Im currently 5dp5dt with two embies, this is my 4th cycle of ivf...none of the others worked. This time, the only difference is ive been given luteal support which i hope is the missing puzzle piece!!

Yesterday, i tested positive for covid! I am terrified this has ruined my chances this time around. Im so scared that my little embryos will stand no chance of sticking while my body is fighting a virus. Does anyone have any similar experiences?
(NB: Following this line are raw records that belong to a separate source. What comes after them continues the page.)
text \<open>Write \<open>\<preceq>'\<close> for the order \<open>\<preceq>\<close>_{g^-1} and let \<open>L\<close>, \<open>L'\<close> be the sets of leading monomials of
  \<open>I\<close> for \<open>\<preceq>\<close> and \<open>\<preceq>'\<close>. Both initial ideals consist of the polynomials supported on \<open>L\<close>,
  resp. \<open>L'\<close>, so it suffices to show \<open>g(L) = L'\<close>.

  Every \<open>\<mu> \<in> L\<close> is a multiple of some \<open>\<nu> \<in> L\<close> of degree at most \<open>d\<close>, and \<open>\<nu>\<close> is the leading
  monomial of a homogeneous \<open>h \<in> I\<close> of the same degree. The monomial action yields \<open>h' \<in> I\<close>
  with \<open>mon(h') = g(mon(h))\<close>, whose \<open>\<preceq>'\<close>-leading monomial is \<open>g(\<nu>)\<close>. As \<open>L'\<close> is closed under
  multiplication by monomials, \<open>g(L) \<subseteq> L'\<close>.

  For any monomial order the leading monomials of degree \<open>t\<close> are exactly \<open>dim I\<^sub>t\<close> many:
  one element of \<open>I\<^sub>t\<close> per leading monomial gives a basis. Since \<open>g\<close> permutes the monomials
  of each degree, \<open>g(L) \<subseteq> L'\<close> is therefore an equality degree by degree.\<close>

section \<open>Total orders and leading monomials\<close>

definition total_order :: "('a \<Rightarrow> 'a \<Rightarrow> bool) \<Rightarrow> bool" where
  "total_order ord \<longleftrightarrow> (\<forall>a. ord a a) \<and> (\<forall>a b. ord a b \<and> ord b a \<longrightarrow> a = b) \<and>
     (\<forall>a b c. ord a b \<and> ord b c \<longrightarrow> ord a c) \<and> (\<forall>a b. ord a b \<or> ord b a)"

lemma monomial_order_iff_total_order:
  "monomial_order ord \<longleftrightarrow>
    total_order ord \<and> (\<forall>a. ord 0 a) \<and> (\<forall>a b c. ord a b \<longrightarrow> ord (a + c) (b + c))"
  unfolding monomial_order_def total_order_def by blast

lemma monomial_order_imp_total_order: "monomial_order ord \<Longrightarrow> total_order ord"
  unfolding monomial_order_iff_total_order by blast

lemma total_order_refl: "total_order ord \<Longrightarrow> ord a a"
  unfolding total_order_def by blast

lemma total_order_antisym: "total_order ord \<Longrightarrow> ord a b \<Longrightarrow> ord b a \<Longrightarrow> a = b"
  unfolding total_order_def by blast

lemma total_order_trans: "total_order ord \<Longrightarrow> ord a b \<Longrightarrow> ord b c \<Longrightarrow> ord a c"
  unfolding total_order_def by blast

lemma total_order_finite_has_max:
  assumes "total_order ord" "finite S" "S \<noteq> {}"
  shows "\<exists>x\<in>S. \<forall>y\<in>S. ord y x"
  using assms(2,3)
proof (induction S rule: finite_ne_induct)
  case (singleton x)
  then show ?case using total_order_refl[OF assms(1)] by simp
next
  case (insert x F)
  then obtain z where "z \<in> F" "\<forall>y\<in>F. ord y z" by blast
  then show ?case using assms(1) unfolding total_order_def by (metis insert_iff)
qed

lemma lead_mon_eqI:
  assumes "total_order ord" "\<mu> \<in> Poly_Mapping.keys h" "\<And>m. m \<in> Poly_Mapping.keys h \<Longrightarrow> ord m \<mu>"
  shows "lead_mon ord h = \<mu>"
  unfolding lead_mon_def
  using assms total_order_antisym[OF assms(1)] by (intro the_equality) blast+

lemma lead_mon_max:
  assumes "total_order ord" "h \<noteq> 0"
  shows "lead_mon ord h \<in> Poly_Mapping.keys h \<and> (\<forall>m\<in>Poly_Mapping.keys h. ord m (lead_mon ord h))"
proof -
  obtain \<mu> where "\<mu> \<in> Poly_Mapping.keys h" "\<forall>m\<in>Poly_Mapping.keys h. ord m \<mu>"
    using total_order_finite_has_max[OF assms(1) finite_keys] assms(2) by auto
  moreover from this have "lead_mon ord h = \<mu>" by (intro lead_mon_eqI[OF assms(1)]) auto
  ultimately show ?thesis by simp
qed

lemma lead_mon_in_keys: "total_order ord \<Longrightarrow> h \<noteq> 0 \<Longrightarrow> lead_mon ord h \<in> Poly_Mapping.keys h"
  using lead_mon_max by blast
Im due to test on 8th august and am isolating until 6th.

Unexplained infertility. TTC 12 years. Desperate for this to work 🥺


----------



## sarahsuperdork (Mar 12, 2013)

Hi, I don't have an answer to your question but I wanted to wish you luck! How are you feeling? Are the symptoms mild? I know not everyone experiences covid in the same way.


----------



## Luna G (Jul 28, 2021)

Hi @sarahsuperdork, 

Thanks so much for replying. In all honesty i feel fine and was shocked i tested positive. None of the typical symotoms such as temp or cough, i have lost my sense of smell and taste though but apart from that i feel fine thankfully.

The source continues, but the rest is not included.